Success stories BioCover’s SyreN system is an innovative, modular, on-farm system for improved manure management using technologies integrated into farmers’ existing slurry tankers. This reduces costs, enables mobility and makes use of slurry tankers during idle periods. SyreN offers five technologies: (1) manure acidification during application using sulphuric acid, reducing ammonia air emissions by up to 70% (2) dosing of additives to improve manure plant availability, soil properties or reduce odour (3) ammonia and N-stabiliser dosing, so improving N:P ratio and reducing N losses from soil (4) software / mobile phone system to optimise slurry application and (5) phosphorus recovery. The P-recovery module (SyreN+) firstly precipitates phosphate as struvite within the slurry tanker (leaving a low-P slurry liquor, which can be spread), then dissolves the struvite in the tanker using sulphuric acid (using the acidification equipment), giving a marketable and transportable NPS liquid fertiliser. BioCover SyreN has received the Baltic Manure Handling Award 2012, Agromek awards 2010, European Corporate CSR 2013 and US EPA Manure Nutrient Recovery Challenge 2016. BioCover is now looking for project or investor funding to adapt and implement SyreN in other countries, according to farmers’ regional modes of operation and equipment, or to recover the struvite as a solid fertiliser product (SyreN Crustal).

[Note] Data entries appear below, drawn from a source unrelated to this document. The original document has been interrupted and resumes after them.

lemma unit_ball_minimax_atoms:
  fixes L :: "nat \<Rightarrow> sample_comb"
  assumes "admissible \<phi> A" "0 \<le> \<epsilon>" "V \<subseteq> ball 0 1"
    and atoms: "\<And>j. comb_points (L j) \<subseteq> V" "\<And>j. comb_norm (L j) \<le> K"
    and no_approx: "\<And>L'. comb_points L' \<subseteq> V \<Longrightarrow> comb_norm L' \<le> K \<Longrightarrow>
      \<not> (\<forall>g\<in>Bnu \<nu>. cmod (\<phi> g - comb_apply L' g) \<le> \<epsilon> * norm_nu \<nu> g)"
  shows "\<exists>g\<in>Bnu_unit_ball. \<forall>j<n. \<epsilon> \<le> Re (\<phi> g - comb_apply (L j) g)"
proof -
  have L_ball: "comb_points (L j) \<subseteq> ball 0 1" for j using atoms(1) assms(3) by blast
  show ?thesis
  proof (rule unit_ball_minimax)
    fix j g h and t :: real assume "g \<in> Bnu_unit_ball" "h \<in> Bnu_unit_ball"
    then show "Re (\<phi> (\<lambda>w. of_real (1 - t) * g w + of_real t * h w)
          - comb_apply (L j) (\<lambda>w. of_real (1 - t) * g w + of_real t * h w))
        = (1 - t) * Re (\<phi> g - comb_apply (L j) g) + t * Re (\<phi> h - comb_apply (L j) h)"
      using admissible_linear[OF admissible_diff[OF assms(1) admissible_comb_apply[OF L_ball]]]
      unfolding Bnu_unit_ball_def by (simp del: of_real_diff)
  next
    fix j gs g assume "\<And>k. gs k \<in> Bnu_unit_ball" "g \<in> Bnu_unit_ball" "pointwise_C1_tendsto gs g"
    then show "(\<lambda>k. Re (\<phi> (gs k) - comb_apply (L j) (gs k))) \<longlonglongrightarrow> Re (\<phi> g - comb_apply (L j) g)"
      by (rule Re_deficit_tendsto[OF assms(1) L_ball])
  next
    fix \<theta> :: "nat \<Rightarrow> real" assume \<theta>: "\<And>j. j < n \<Longrightarrow> 0 \<le> \<theta> j" "(\<Sum>j<n. \<theta> j) = 1"
    note convex = comb_convex_sum[where L = L and V = V and K = K, OF atoms \<theta>]
    have "\<exists>h\<in>Bnu_unit_ball.
        \<epsilon> < Re (\<phi> h - comb_apply (comb_sum (\<lambda>j. comb_scale (of_real (\<theta> j)) (L j)) n) h)"
      by (rule approximation_failure_witness[OF assms(1,2) order_trans[OF convex(1) assms(3)]
          no_approx[OF convex]]) auto
    then show "\<exists>g\<in>Bnu_unit_ball. \<epsilon> < (\<Sum>j<n. \<theta> j * Re (\<phi> g - comb_apply (L j) g))"
      using \<theta>(2) by (auto simp: comb_apply_convex_comb Re_sum)
  qed
qed

end

locale bloch_sampling = bloch_weight +
  fixes U :: "complex set" and C :: real
  assumes U_sub: "U \<subseteq> ball 0 1" and C_pos: "0 < C"
    and sampling: "\<forall>g\<in>Bnu \<nu>. norm_nu \<nu> g \<le> C * max (cmod (g 0)) (sup0 (\<lambda>z. cmod (deriv g z) * \<nu> z) U)"
begin

lemma norm_nu_le_of_dense_samples:
  assumes "g \<in> Bnu \<nu>" "U \<subseteq> closure T" "cmod (g 0) \<le> R"
    and "\<And>w. w \<in> T \<Longrightarrow> cmod (deriv g w) * \<nu> w \<le> R"
  shows "norm_nu \<nu> g \<le> C * R"
proof -
  have "deriv g holomorphic_on ball 0 1"
    using Bnu_holomorphic[OF assms(1)] by (rule holomorphic_deriv) simp
  then have cont: "continuous_on (ball 0 1) (\<lambda>w. cmod (deriv g w) * \<nu> w)"
    by (intro continuous_intros nu_cont holomorphic_on_imp_continuous_on)
  have "cmod (deriv g w) * \<nu> w \<le> R" if "w \<in> U" for w
    using cont open_ball subsetD[OF U_sub that] subsetD[OF assms(2) that] assms(4)
    by (rule continuous_le_at_closure_point)
  then have "sup0 (\<lambda>z. cmod (deriv g z) * \<nu> z) U \<le> R"
    using order_trans[OF norm_ge_zero assms(3)] by (intro sup0_least) auto
  then have "max (cmod (g 0)) (sup0 (\<lambda>z. cmod (deriv g z) * \<nu> z) U) \<le> R"
    using assms(3) by simp
  then have "C * max (cmod (g 0)) (sup0 (\<lambda>z. cmod (deriv g z) * \<nu> z) U) \<le> C * R"
    using C_pos by (intro mult_left_mono) auto
  moreover have "norm_nu \<nu> g \<le> C * max (cmod (g 0)) (sup0 (\<lambda>z. cmod (deriv g z) * \<nu> z) U)"
    using sampling assms(1) by blast
  ultimately show ?thesis by linarith
qed
(* Let $\Gamma$ be a finite abelian group, $\sigma\colon\Gamma\times\Gamma\to\mathbb{C}^\times$ a symmetric nondegenerate bimultiplicative form, $\varepsilon\in\{\pm1\}$, $q\colon\Gamma\to\mathbb{C}^\times$ a quadratic form with $\sigma(a,b)=q(a+b)q(a)^{-1}q(b)^{-1}$, $\alpha\in\mathbb{C}$ with $\alpha^2=\varepsilon|\Gamma|^{-1/2}\sum_{a\in\Gamma}q(a)^{-1}$, and $\beta\in\{\alpha^{-1},-\alpha^{-1}\}$. Consider the $\mathbb{Z}_2$-crossed ribbon fusion category $\mathcal{TY}(\Gamma,\sigma,\varepsilon\,|\,q,\alpha,\beta)$ described in the context. Then the quantum dimensions of all simple objects of $\mathcal{TY}(\Gamma,\sigma,\varepsilon\,|\,q,\alpha,\beta)$ coincide with their Frobenius–Perron dimensions if and only if $\alpha\beta=\varepsilon$.
   Context: The Tambara–Yamagami category $\mathcal{TY}(\Gamma,\sigma,\varepsilon)$ is the semisimple $\mathbb{Z}_2$-graded fusion category $\operatorname{Vect}_\Gamma\oplus\operatorname{Vect}$ with simple objects $\mathbb{C}_a$ ($a\in\Gamma$, degree $0$) and $\mathsf{X}$ (degree $1$), fusion rules $\mathbb{C}_a\otimes\mathbb{C}_b=\mathbb{C}_{a+b}$, $\mathbb{C}_a\otimes\mathsf{X}=\mathsf{X}\otimes\mathbb{C}_a=\mathsf{X}$, $\mathsf{X}\otimes\mathsf{X}=\bigoplus_{t\in\Gamma}\mathbb{C}_t$, and with the only nontrivial associators: $(\mathbb{C}_a\otimes\mathsf{X})\otimes\mathbb{C}_b\to\mathbb{C}_a\otimes(\mathsf{X}\otimes\mathbb{C}_b)$ is the scalar $\sigma(a,b)$; $(\mathsf{X}\otimes\mathbb{C}_a)\otimes\mathsf{X}\to\mathsf{X}\otimes(\mathbb{C}_a\otimes\mathsf{X})$ is $\sigma(a,t)$ on the summand $\mathbb{C}_t$; $(\mathsf{X}\otimes\mathsf{X})\otimes\mathsf{X}=\bigoplus_{t\in\Gamma}\mathsf{X}\to\bigoplus_{r\in\Gamma}\mathsf{X}=\mathsf{X}\otimes(\mathsf{X}\otimes\mathsf{X})$ is the matrix with entries $\varepsilon|\Gamma|^{-1/2}\sigma(t,r)^{-1}$. Rigid structure: $\mathbb{C}_a^*=\mathbb{C}_{-a}$ with obvious (co)evaluations, $\mathsf{X}^*=\mathsf{X}$, $\mathrm{coev}_\mathsf{X}$ the inclusion of $\mathbb{C}_0$ into $\mathsf{X}\otimes\mathsf{X}$, $\mathrm{ev}_\mathsf{X}=\varepsilon|\Gamma|^{1/2}$ times the projection onto $\mathbb{C}_0$. The group $\mathbb{Z}_2=\langle g\rangle$ acts strictly by $g_*\mathbb{C}_a=\mathbb{C}_{-a}$, $g_*\mathsf{X}=\mathsf{X}$ with trivial tensor and composition structures. The $\mathbb{Z}_2$-crossed braiding is $c_{\mathbb{C}_a,\mathbb{C}_b}=\sigma(a,b)$, $c_{\mathbb{C}_a,\mathsf{X}}=q(a)^{-1}$, $c_{\mathsf{X},\mathbb{C}_a}\colon\mathsf{X}\otimes\mathbb{C}_a\to\mathbb{C}_{-a}\otimes\mathsf{X}$ equal to $q(a)^{-1}$, and $c_{\mathsf{X},\mathsf{X}}=\alpha\,q(t)$ on the summand $\mathbb{C}_t$. The $\mathbb{Z}_2$-ribbon twist is $\theta_{\mathbb{C}_a}=q(a)^2$, $\theta_\mathsf{X}=\beta$. These data define the $\mathbb{Z}_2$-crossed ribbon category $\mathcal{TY}(\Gamma,\sigma,\varepsilon\,|\,q,\alpha,\beta)$. The quantum dimension of a simple object $Y$ is $\mathrm{ev}_Y\circ c_{Y,Y^*}\circ(\theta_Y\otimes\mathrm{id}_{Y^*})\circ\mathrm{coev}_Y$. The Frobenius–Perron dimensions are $1$ for each $\mathbb{C}_a$ and $|\Gamma|^{1/2}$ for $\mathsf{X}$. *)

theory Defs
  imports Complex_Main
begin

text \<open>Simple objects: C a (a in Gamma, degree 0) and X (degree 1).
  The finite abelian group Gamma is the type 'g.\<close>

datatype 'g simple = C 'g | X

text \<open>A fixed enumeration of the finite group Gamma (used to order the summands of X (x) X).\<close>
definition gelems :: "'g::finite list" where
  "gelems = (SOME xs. distinct xs \<and> set xs = UNIV)"

text \<open>Semisimple objects are represented as direct sums of simples (lists of simples);
  a morphism A -> B is a matrix M with M i j the component from the j-th summand of A
  to the i-th summand of B.\<close>

type_synonym mor = "nat \<Rightarrow> nat \<Rightarrow> complex"

definition mcomp :: "'g simple list \<Rightarrow> mor \<Rightarrow> mor \<Rightarrow> mor" where
  "mcomp mid M N = (\<lambda>i k. \<Sum>j<length mid. M i j * N j k)"

fun tens :: "'g::{finite,ab_group_add} simple \<Rightarrow> 'g simple \<Rightarrow> 'g simple list" where
  "tens (C a) (C b) = [C (a + b)]"
| "tens (C a) X = [X]"
| "tens X (C a) = [X]"
| "tens X X = map C gelems"

fun dual :: "'g::ab_group_add simple \<Rightarrow> 'g simple" where
  "dual (C a) = C (- a)"
| "dual X = X"

text \<open>Action of the generator g of Z2: g_* C a = C (-a), g_* X = X.\<close>
fun gact :: "'g::ab_group_add simple \<Rightarrow> 'g simple" where
  "gact (C a) = C (- a)"
| "gact X = X"

text \<open>Target of the crossed braiding c_{Y,Z} : Y (x) Z -> (deg Y)_* Z (x) Y.\<close>
fun braid_tgt :: "'g::{finite,ab_group_add} simple \<Rightarrow> 'g simple \<Rightarrow> 'g simple list" where
  "braid_tgt (C a) Z = tens Z (C a)"
| "braid_tgt X Z = tens (gact Z) X"

fun braid :: "('g \<Rightarrow> 'g \<Rightarrow> complex) \<Rightarrow> ('g \<Rightarrow> complex) \<Rightarrow> complex
    \<Rightarrow> 'g::{finite,ab_group_add} simple \<Rightarrow> 'g simple \<Rightarrow> mor" where
  "braid \<sigma> q \<alpha> (C a) (C b) = (\<lambda>i j. if i = 0 \<and> j = 0 then \<sigma> a b else 0)"
| "braid \<sigma> q \<alpha> (C a) X = (\<lambda>i j. if i = 0 \<and> j = 0 then inverse (q a) else 0)"
| "braid \<sigma> q \<alpha> X (C a) = (\<lambda>i j. if i = 0 \<and> j = 0 then inverse (q a) else 0)"
| "braid \<sigma> q \<alpha> X X = (\<lambda>i j. if i = j \<and> i < length (gelems::'g list)
                                  then \<alpha> * q (gelems ! i) else 0)"

fun twist :: "('g \<Rightarrow> complex) \<Rightarrow> complex \<Rightarrow> 'g simple \<Rightarrow> complex" where
  "twist q \<beta> (C a) = q a ^ 2"
| "twist q \<beta> X = \<beta>"

definition twist_id :: "('g \<Rightarrow> complex) \<Rightarrow> complex \<Rightarrow> 'g::{finite,ab_group_add} simple \<Rightarrow> mor" where
  "twist_id q \<beta> Y = (\<lambda>i j. if i = j \<and> i < length (tens Y (dual Y)) then twist q \<beta> Y else 0)"

definition coev :: "'g::{finite,ab_group_add} simple \<Rightarrow> mor" where
  "coev Y = (\<lambda>i j. if j = 0 \<and> i < length (tens Y (dual Y)) \<and> tens Y (dual Y) ! i = C 0
                   then 1 else 0)"

definition ev :: "complex \<Rightarrow> 'g::{finite,ab_group_add} simple \<Rightarrow> mor" where
  "ev \<epsilon> Y = (\<lambda>i j. if i = 0 \<and> j < length (tens (dual Y) Y) \<and> tens (dual Y) Y ! j = C 0
                   then (if Y = X then \<epsilon> * complex_of_real (sqrt (real (card (UNIV :: 'g set)))) else 1)
                   else 0)"

text \<open>Quantum dimension: ev_Y o c_{Y,Y*} o (theta_Y (x) id_{Y*}) o coev_Y, a scalar
  (the unique matrix entry of an endomorphism of the unit object C 0).\<close>
definition qdim :: "('g \<Rightarrow> 'g \<Rightarrow> complex) \<Rightarrow> complex \<Rightarrow> ('g \<Rightarrow> complex) \<Rightarrow> complex \<Rightarrow> complex
    \<Rightarrow> 'g::{finite,ab_group_add} simple \<Rightarrow> complex" where
  "qdim \<sigma> \<epsilon> q \<alpha> \<beta> Y =
     mcomp (braid_tgt Y (dual Y)) (ev \<epsilon> Y)
       (mcomp (tens Y (dual Y)) (braid \<sigma> q \<alpha> Y (dual Y))
          (mcomp (tens Y (dual Y)) (twist_id q \<beta> Y) (coev Y))) 0 0"

fun fpdim :: "'g::finite simple \<Rightarrow> real" where
  "fpdim (C a) = 1"
| "fpdim X = sqrt (real (card (UNIV :: 'g set)))"

end

theory Submission
  imports Defs
begin

text \<open>Every quantum dimension is computed by following the unit summand \<open>C 0\<close> through the
  composite \<open>ev \<circ> c \<circ> (\<theta> \<otimes> id) \<circ> coev\<close>. For \<open>C a\<close> this gives \<open>\<sigma>(a,-a) q(a)\<^sup>2 = 1\<close>, because
  \<open>q\<close> is an even quadratic form refining \<open>\<sigma>\<close>. For \<open>X\<close> it gives \<open>\<epsilon> |\<Gamma>|\<^sup>1\<^sup>/\<^sup>2 \<alpha> q(0) \<beta>\<close> with
  \<open>q(0) = 1\<close>, which equals the Frobenius-Perron dimension \<open>|\<Gamma>|\<^sup>1\<^sup>/\<^sup>2\<close> iff \<open>\<alpha>\<beta> = \<epsilon>\<close>.\<close>

lemma distinct_gelems: "distinct (gelems :: 'g::finite list)"
  and set_gelems: "set (gelems :: 'g list) = UNIV"
proof -
  obtain xs :: "'g list" where "distinct xs \<and> set xs = UNIV"
    using finite_distinct_list[OF finite_UNIV] by metis
  then have "distinct (gelems :: 'g list) \<and> set (gelems :: 'g list) = UNIV"
    unfolding gelems_def by (rule someI)
  then show "distinct (gelems :: 'g list)" "set (gelems :: 'g list) = UNIV"
    by simp_all
qed

lemma mcomp_single_column:
  assumes "k < length mid"
    and "\<And>j. j < length mid \<Longrightarrow> N j l = (if j = k then c else 0)"
  shows "mcomp mid M N i l = M i k * c"
proof -
  have "mcomp mid M N i l = (\<Sum>j<length mid. if j = k then M i k * c else 0)"
    unfolding mcomp_def using assms(2) by (intro sum.cong) auto
  also have "\<dots> = M i k * c"
    using assms(1) by simp
  finally show ?thesis .
qed

lemma qdim_C: "qdim \<sigma> \<epsilon> q \<alpha> \<beta> (C a) = \<sigma> a (- a) * q a ^ 2"
  by (simp add: qdim_def mcomp_def ev_def coev_def twist_id_def)

lemma qdim_X:
  fixes \<sigma> :: "'g::{finite,ab_group_add} \<Rightarrow> 'g \<Rightarrow> complex"
  shows "qdim \<sigma> \<epsilon> q \<alpha> \<beta> X
    = \<epsilon> * complex_of_real (sqrt (real (card (UNIV :: 'g set)))) * \<alpha> * q 0 * \<beta>"
proof -
  let ?G = "gelems :: 'g list"
  let ?X = "X :: 'g simple"
  let ?XX = "tens ?X (dual ?X)"
  obtain k where k: "k < length ?G" "?G ! k = 0"
    using set_gelems by (metis UNIV_I in_set_conv_nth)
  have k_unique: "?G ! j = 0 \<longleftrightarrow> j = k" if "j < length ?G" for j
    using that k distinct_gelems nth_eq_iff_index_eq by metis
  have k_XX: "k < length ?XX"
    using k(1) by simp
  have coev_col: "coev ?X j 0 = (if j = k then 1 else 0)" if "j < length ?XX" for j
    using that k_unique by (simp add: coev_def)
  have twist_col: "mcomp ?XX (twist_id q \<beta> ?X) (coev ?X) i 0 = (if i = k then \<beta> else 0)" for i
  proof -
    have "mcomp ?XX (twist_id q \<beta> ?X) (coev ?X) i 0 = twist_id q \<beta> ?X i k * 1"
      by (rule mcomp_single_column[OF k_XX]) (rule coev_col)
    also have "\<dots> = (if i = k then \<beta> else 0)"
      using k(1) by (simp add: twist_id_def)
    finally show ?thesis .
  qed
  have braid_col: "mcomp ?XX (braid \<sigma> q \<alpha> ?X (dual ?X)) (mcomp ?XX (twist_id q \<beta> ?X) (coev ?X)) i 0
      = (if i = k then \<alpha> * q 0 * \<beta> else 0)" for i
  proof -
    have "mcomp ?XX (braid \<sigma> q \<alpha> ?X (dual ?X)) (mcomp ?XX (twist_id q \<beta> ?X) (coev ?X)) i 0
        = braid \<sigma> q \<alpha> ?X (dual ?X) i k * \<beta>"
      by (rule mcomp_single_column[OF k_XX]) (rule twist_col)
    also have "\<dots> = (if i = k then \<alpha> * q 0 * \<beta> else 0)"
      using k by simp
    finally show ?thesis .
  qed
  have "qdim \<sigma> \<epsilon> q \<alpha> \<beta> ?X = ev \<epsilon> ?X 0 k * (\<alpha> * q 0 * \<beta>)"
    unfolding qdim_def by (rule mcomp_single_column) (use k_XX braid_col in simp_all)
  also have "\<dots> = \<epsilon> * complex_of_real (sqrt (real (card (UNIV :: 'g set)))) * \<alpha> * q 0 * \<beta>"
    using k by (simp add: ev_def mult.assoc)
  finally show ?thesis .
qed

lemma bimultiplicative_zero:
  fixes \<sigma> :: "'g::monoid_add \<Rightarrow> 'g \<Rightarrow> 'c::field"
  assumes "\<sigma> 0 c \<noteq> 0" and "\<And>a b c. \<sigma> (a + b) c = \<sigma> a c * \<sigma> b c"
  shows "\<sigma> 0 c = 1"
  using assms(2)[of 0 0 c] assms(1) by simp

lemma quadratic_zero:
  fixes q :: "'g::monoid_add \<Rightarrow> 'c::field"
  assumes "q 0 \<noteq> 0" and "\<sigma> 0 0 = 1"
    and "\<And>a b. \<sigma> a b = q (a + b) * inverse (q a) * inverse (q b)"
  shows "q 0 = 1"
  using assms(3)[of 0 0] assms(1,2) by (simp add: field_simps)

lemma bilinear_neg_diag_quadratic:
  fixes q :: "'g::ab_group_add \<Rightarrow> 'c::field"
  assumes "q a \<noteq> 0" and "q 0 = 1" and "q (- a) = q a"
    and "\<And>a b. \<sigma> a b = q (a + b) * inverse (q a) * inverse (q b)"
  shows "\<sigma> a (- a) * q a ^ 2 = 1"
  using assms(4)[of a "- a"] assms(1-3) by (simp add: field_simps power2_eq_square)

theorem proposition3p7:
  fixes \<sigma> :: "'g::{finite,ab_group_add} \<Rightarrow> 'g \<Rightarrow> complex"
    and q :: "'g \<Rightarrow> complex"
    and \<epsilon> \<alpha> \<beta> :: complex
  assumes sigma_nz: "\<And>a b. \<sigma> a b \<noteq> 0"
    and sigma_sym: "\<And>a b. \<sigma> a b = \<sigma> b a"
    and sigma_bimult: "\<And>a b c. \<sigma> (a + b) c = \<sigma> a c * \<sigma> b c"
    and sigma_nondeg: "\<And>a. (\<forall>b. \<sigma> a b = 1) \<Longrightarrow> a = 0"
    and eps: "\<epsilon> = 1 \<or> \<epsilon> = -1"
    and q_nz: "\<And>a. q a \<noteq> 0"
    and q_even: "\<And>a. q (- a) = q a"
    and q_sigma: "\<And>a b. \<sigma> a b = q (a + b) * inverse (q a) * inverse (q b)"
    and alpha: "\<alpha> ^ 2 = \<epsilon> * inverse (complex_of_real (sqrt (real (card (UNIV :: 'g set)))))
                           * (\<Sum>a\<in>UNIV. inverse (q a))"
    and beta: "\<beta> = inverse \<alpha> \<or> \<beta> = - inverse \<alpha>"
  shows "(\<forall>Y::'g simple. qdim \<sigma> \<epsilon> q \<alpha> \<beta> Y = complex_of_real (fpdim Y))
           \<longleftrightarrow> \<alpha> * \<beta> = \<epsilon>"
proof -
  define s where "s = complex_of_real (sqrt (real (card (UNIV :: 'g set))))"
  have "\<sigma> 0 0 = 1"
    by (rule bimultiplicative_zero[where \<sigma> = \<sigma>, OF sigma_nz sigma_bimult])
  then have q0: "q 0 = 1"
    by (rule quadratic_zero[where \<sigma> = \<sigma>, OF q_nz _ q_sigma])
  have qdim_C_eq: "qdim \<sigma> \<epsilon> q \<alpha> \<beta> (C a) = 1" for a
    unfolding qdim_C
    by (rule bilinear_neg_diag_quadratic[where \<sigma> = \<sigma> and a = a, OF q_nz q0 q_even q_sigma])
  have "s \<noteq> 0"
    unfolding s_def by simp
  have "(\<forall>Y::'g simple. qdim \<sigma> \<epsilon> q \<alpha> \<beta> Y = complex_of_real (fpdim Y))
        \<longleftrightarrow> qdim \<sigma> \<epsilon> q \<alpha> \<beta> X = complex_of_real (fpdim (X :: 'g simple))"
    by (metis simple.exhaust fpdim.simps(1) of_real_1 qdim_C_eq)
  also have "\<dots> \<longleftrightarrow> s * (\<epsilon> * \<alpha> * \<beta>) = s"
    by (simp add: qdim_X q0 s_def ac_simps)
  also have "\<dots> \<longleftrightarrow> \<epsilon> * \<alpha> * \<beta> = 1"
    using \<open>s \<noteq> 0\<close> by simp
  also have "\<dots> \<longleftrightarrow> \<alpha> * \<beta> = \<epsilon>"
    using eps by (auto simp: minus_equation_iff)
  finally show ?thesis .
qed

end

BioCover Photo: slurry tanker equipped with SyreN A 5.4 million € EU InterReg project has been launched to roll-out manure slurry acidification in the Baltic States, following on from Denmark’s experience (see SyreN above). The objective is to reduce ammonia emissions to air during slurry application, in order to cut greenhouse gas impacts to eutrophication (atmospheric deposition of N to the Baltic), as well as avoiding loss of valuable nitrogen nutrient for farmers. Over 1 000 famers are already using one or more modules of SyreN technology for acidification during slurry spreading (see above). The InterReg project aims to enhance capacity of public authorities and farmers, through pilot installations, feasibility studies and environmental and economic assessments.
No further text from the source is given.